Comprehensive Robust and Fast Control of $Z$-Source-Inverter-Based Interior Permanent Magnet Synchronous Motor Drive System

Abstract

This article aims to facilitate the practical use of Z-source inverters in motor drive systems due to their outstanding properties. To this end, a robust and fast control scheme with two possible configurations for a permanent magnet synchronous motor (PMSM) drive system using a Z-source inverter is presented. In this article, the proposed control system is applied to the speed and current loops in the motor side as well as the current and voltage loops in the Z-source side. The idea is to combine the features of sliding-mode control as the feedback controller (basic configuration) with a disturbance attenuation technique as a feedforward compensator (enhanced configuration), linking with a newly modified space vector modulator.
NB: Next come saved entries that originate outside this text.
definition ex_dominating_assignment :: "nat \<Rightarrow> bdl \<Rightarrow> real" where
  "ex_dominating_assignment j x =
     (if j = 0 then (if x = [0, 0] \<or> x = [1, 2] then 1 / 2 else 0)
      else if j = 1 then (if x = [0, 0] \<or> x = [2, 2] then 1 / 2 else 0)
      else (if x = [1, 1] \<or> x = [2, 1] then 1 / 2 else 0))"

lemma is_assignment_ex_dominating_assignment: "is_assignment 3 3 2 ex_dominating_assignment"
  unfolding is_assignment_def sum.inter_filter[OF finite_bundles]
  unfolding bundles_3_2
  by (simp add: ex_dominating_assignment_def numeral_2_eq_2 numeral_3_eq_3 All_less_Suc2)

lemma ex_dominating_assignment_lex_dominates:
  assumes "j < 3"
  shows "lex_dominates 3 2 (lex_pref 2 (ex_imp j) (ex_ord j))
    (ex_dominating_assignment j) (lexips 3 3 2 ex_imp ex_ord j)"
proof -
  note defs = ex_eaten_2_def ex_dominating_assignment_def lex_pref_def ex_imp_def ex_ord_def
    numeral_2_eq_2 Ex_less_Suc2 All_less_Suc2
  from assms consider "j = 0" | "j = 1" | "j = 2"
    by linarith
  then show ?thesis
  proof cases
    case 1
    show ?thesis
      unfolding \<open>j = 0\<close> lex_dominates_def lexips_example bundles_3_2
      by (intro bexI[of _ "[0, 0]"]) (simp_all add: defs)
  next
    case 2
    show ?thesis
      unfolding \<open>j = 1\<close> lex_dominates_def lexips_example bundles_3_2
      by (intro bexI[of _ "[0, 0]"]) (simp_all add: defs)
  next
    case 3
    show ?thesis
      unfolding \<open>j = 2\<close> lex_dominates_def lexips_example bundles_3_2
      by (intro bexI[of _ "[1, 1]"]) (simp_all add: defs)
  qed
qed

theorem mainTheorem6:
  shows "lexips 3 3 2 ex_imp ex_ord 0 =
           (\<lambda>x. if x \<in> {[0, 0], [0, 2], [1, 0], [1, 2]} then 1 / 4 else 0)
       \<and> lex_dominates 3 2 (lex_pref 2 (ex_imp 0) (ex_ord 0))
           (\<lambda>x. if x = [0, 0] \<or> x = [1, 2] then 1 / 2 else 0)
           (lexips 3 3 2 ex_imp ex_ord 0)
       \<and> \<not> lexi_efficient 3 3 2 ex_imp ex_ord (lexips 3 3 2 ex_imp ex_ord)"
proof (intro conjI)
  show "lexips 3 3 2 ex_imp ex_ord 0 = (\<lambda>x. if x \<in> {[0, 0], [0, 2], [1, 0], [1, 2]} then 1 / 4 else 0)"
    by (auto simp: fun_eq_iff lexips_example bundles_3_2 ex_eaten_2_def)
  show "lex_dominates 3 2 (lex_pref 2 (ex_imp 0) (ex_ord 0))
      (\<lambda>x. if x = [0, 0] \<or> x = [1, 2] then 1 / 2 else 0) (lexips 3 3 2 ex_imp ex_ord 0)"
  proof -
    have "ex_dominating_assignment 0 = (\<lambda>x. if x = [0, 0] \<or> x = [1, 2] then 1 / 2 else 0)"
      by (simp add: fun_eq_iff ex_dominating_assignment_def)
    then show ?thesis
      using ex_dominating_assignment_lex_dominates[of 0] by simp
  qed
  show "\<not> lexi_efficient 3 3 2 ex_imp ex_ord (lexips 3 3 2 ex_imp ex_ord)"
    unfolding lexi_efficient_def
    using is_assignment_ex_dominating_assignment ex_dominating_assignment_lex_dominates by blast
qed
The disturbances and uncertainties associated with practical PMSM drive systems and Z-source inverters are inherently time varying and introduce high bandwidth characteristics. Hence, the proposed closed-loop control structure provides the following features to the system: 1) high robustness to external disturbances and parameter variations; 2) fast transient response during large and abrupt load changes; and 3) reduced ripple in delivered torque of the motor. In addition, a systematic design procedure for determining the values of the control parameters is presented. The theoretical analyses are validated by experimental tests in a laboratory setup. The results prove the robustness of the enhanced configuration, with a 25% reduction in torque ripple and 60% in settling time. Furthermore, compared to the previous space vector modulation technique, the proposed technique gives a 40% reduction.